Every line containing "shows" should be identified and copied from the data below.

• Data records
┄┄┄┄┄┄┄┄┄┄

lemma lepoll_times_infinite_cancel:
  fixes X :: "'a set" and R :: "'b set" and Y :: "'c set"
  assumes "X \<lesssim> R \<times> Y" and "infinite Y" and "Y \<prec> X"
  shows "X \<lesssim> R"
proof -
  have XRY: "|X| \<le>o |R \<times> Y|" using assms(1) by (simp add: lepoll_iff_card_of_ordLeq)
  have "|R| \<le>o |Y| \<or> |Y| \<le>o |R|" by (rule ordLeq_total[OF card_of_Well_order card_of_Well_order])
  then show ?thesis
  proof
    assume "|R| \<le>o |Y|"
    have "R \<noteq> {}"
    proof
      assume "R = {}"
      then have "X = {}" using assms(1) by simp
      then show False using lesspoll_imp_lepoll[OF assms(3)] assms(2) by simp
    qed
    then have "|X| \<le>o |Y|"
      using ordLeq_ordIso_trans[OF XRY conjunct2[OF card_of_Times_infinite[OF assms(2)]]]
        \<open>|R| \<le>o |Y|\<close> by blast
    then have "Y \<approx> X"
      by (rule lepoll_antisym[OF lesspoll_imp_lepoll[OF assms(3)], unfolded lepoll_iff_card_of_ordLeq])
    with assms(3) show ?thesis unfolding lesspoll_def by blast
  next
    assume "|Y| \<le>o |R|"
    moreover have "infinite R" using \<open>|Y| \<le>o |R|\<close> assms(2) card_of_ordLeq_finite by blast
    moreover have "Y \<noteq> {}" using assms(2) by auto
    ultimately have "|X| \<le>o |R|"
      using ordLeq_ordIso_trans[OF XRY conjunct1[OF card_of_Times_infinite]] by blast
    then show ?thesis by (simp add: lepoll_iff_card_of_ordLeq)
  qed
qed

lemma equivp_transversal_eqpoll:
  assumes "equivp R" and classes: "\<And>x. x \<in> T \<Longrightarrow> {y \<in> T. R x y} \<lesssim> Y"
    and "infinite Y" "Y \<prec> T"
  shows "\<exists>F\<subseteq>T. F \<approx> T \<and> (\<forall>x\<in>F. \<forall>y\<in>F. R x y \<longrightarrow> x = y)"
proof -
  define rep where "rep x = (SOME y. y \<in> T \<and> R x y)" for x
  have rep: "rep x \<in> T" "R x (rep x)" if "x \<in> T" for x
    using someI[of "\<lambda>y. y \<in> T \<and> R x y" x] that equivp_reflp[OF assms(1)]
    unfolding rep_def by simp_all
  have rep_eq: "rep x = rep y" if "R x y" for x y
  proof -
    have "R x = R y" using that assms(1) unfolding equivp_def by blast
    then show ?thesis unfolding rep_def by simp
  qed
  define F where "F = rep ` T"
  have "F \<subseteq> T" using rep(1) unfolding F_def by blast
  have rep_F: "rep x = x" if "x \<in> F" for x
  proof -
    obtain a where "a \<in> T" "x = rep a" using \<open>x \<in> F\<close> unfolding F_def by blast
    then have "rep a = rep x" using rep(2) rep_eq by blast
    with \<open>x = rep a\<close> show ?thesis by simp
  qed
  have inequivalent: "\<forall>x\<in>F. \<forall>y\<in>F. R x y \<longrightarrow> x = y"
  proof (intro ballI impI)
    fix x y assume "x \<in> F" "y \<in> F" "R x y"
    then show "x = y" using rep_eq[OF \<open>R x y\<close>] rep_F by simp
  qed
  have "\<forall>x\<in>T. \<exists>f. inj_on f {y \<in> T. R x y} \<and> f ` {y \<in> T. R x y} \<subseteq> Y"
    using classes unfolding lepoll_def by blast
  from bchoice[OF this] obtain c
    where c: "\<forall>x\<in>T. inj_on (c x) {y \<in> T. R x y} \<and> c x ` {y \<in> T. R x y} \<subseteq> Y" ..
  have class_rep: "t \<in> {y \<in> T. R (rep t) y}" if "t \<in> T" for t
    using that rep(2) equivp_symp[OF assms(1)] by blast
  have "inj_on (\<lambda>t. (rep t, c (rep t) t)) T"
  proof (rule inj_onI)
    fix t1 t2 assume "t1 \<in> T" "t2 \<in> T" "(rep t1, c (rep t1) t1) = (rep t2, c (rep t2) t2)"
    then have "rep t1 = rep t2" "c (rep t1) t1 = c (rep t1) t2" by auto
    moreover have "t1 \<in> {y \<in> T. R (rep t1) y}" "t2 \<in> {y \<in> T. R (rep t1) y}"
      using class_rep[OF \<open>t1 \<in> T\<close>] class_rep[OF \<open>t2 \<in> T\<close>] \<open>rep t1 = rep t2\<close> by simp_all
    ultimately show "t1 = t2" using c rep(1)[OF \<open>t1 \<in> T\<close>] by (meson inj_onD)
  qed
  moreover have "(\<lambda>t. (rep t, c (rep t) t)) ` T \<subseteq> F \<times> Y"
    using c rep(1) class_rep unfolding F_def by blast
  ultimately have "T \<lesssim> F \<times> Y" unfolding lepoll_def by blast
  then have "T \<lesssim> F" using assms(3,4) by (rule lepoll_times_infinite_cancel)
  then have "F \<approx> T" using \<open>F \<subseteq> T\<close> by (simp add: lepoll_antisym subset_imp_lepoll)
  with \<open>F \<subseteq> T\<close> inequivalent show ?thesis by blast
qed

lemma equivp_homeomorphic_space: "equivp ((homeomorphic_space) :: 'a topology \<Rightarrow> 'a topology \<Rightarrow> bool)"
  unfolding equivp_reflp_symp_transp reflp_def symp_def transp_def
  using homeomorphic_space_refl homeomorphic_space_sym homeomorphic_space_trans by blast

lemma nat_sets_lesspoll_real_sets: "(UNIV :: nat set set) \<prec> (UNIV :: real set set)"
proof -
  have "(UNIV :: real set) \<prec> (UNIV :: real set set)" using lesspoll_Pow_self[of "UNIV :: real set"] by simp
  then show ?thesis by (rule eq_lesspoll_trans[OF nat_sets_eqpoll_reals])
qed

theorem proposition8:
  shows "\<exists>F :: real topology set.
    F \<subseteq> LL0 - {euclideanreal} \<and>
    F \<approx> (UNIV :: real set set) \<and>
    (\<forall>\<theta>1\<in>F. \<forall>\<theta>2\<in>F. \<theta>1 \<noteq> \<theta>2 \<longrightarrow> \<not> (\<theta>1 homeomorphic_space \<theta>2)) \<and>
    (\<forall>\<theta>\<in>F. \<not> (\<exists>\<tau>\<in>LL. coarser \<theta> \<tau> \<and> \<theta> \<noteq> \<tau> \<and> coarser \<tau> euclideanreal \<and> \<tau> \<noteq> euclideanreal))"
proof -
  obtain T where T: "T \<approx> (UNIV :: real set set)" "T \<subseteq> LL0 - {euclideanreal}"
    and coatom: "\<And>\<theta> \<tau>. \<theta> \<in> T \<Longrightarrow> coarser \<theta> \<tau> \<Longrightarrow> \<theta> \<noteq> \<tau> \<Longrightarrow> coarser \<tau> euclideanreal \<Longrightarrow>
      \<tau> = euclideanreal"
    using filter_topology_family by blast
  have classes: "{\<tau> \<in> T. \<theta> homeomorphic_space \<tau>} \<lesssim> (UNIV :: nat set set)" if "\<theta> \<in> T" for \<theta>
    using homeomorphism_class_lepoll_nat_sets[of \<theta> T] that T(2) LL0_subset_LL by blast
  have "infinite (UNIV :: nat set set)" using finite_Pow_iff[of "UNIV :: nat set"] by simp
  moreover have "(UNIV :: nat set set) \<prec> T"
    using nat_sets_lesspoll_real_sets eqpoll_sym[OF T(1)] by (rule lesspoll_eq_trans)
  ultimately obtain F where F: "F \<subseteq> T" "F \<approx> T" "\<forall>x\<in>F. \<forall>y\<in>F. x homeomorphic_space y \<longrightarrow> x = y"
    using equivp_transversal_eqpoll[OF equivp_homeomorphic_space classes] by blast
  show ?thesis
  proof (intro exI[of _ F] conjI)
    show "F \<approx> (UNIV :: real set set)" using F(2) T(1) by (rule eqpoll_trans)
  qed (use F T coatom in blast)+
qed

end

┄┄┄┄┄┄┄┄┄┄

• Response
  shows "X \<lesssim> R"
  shows "\<exists>F\<subseteq>T. F \<approx> T \<and> (\<forall>x\<in>F. \<forall>y\<in>F. R x y \<longrightarrow> x = y)"
  shows "\<exists>F :: real topology set.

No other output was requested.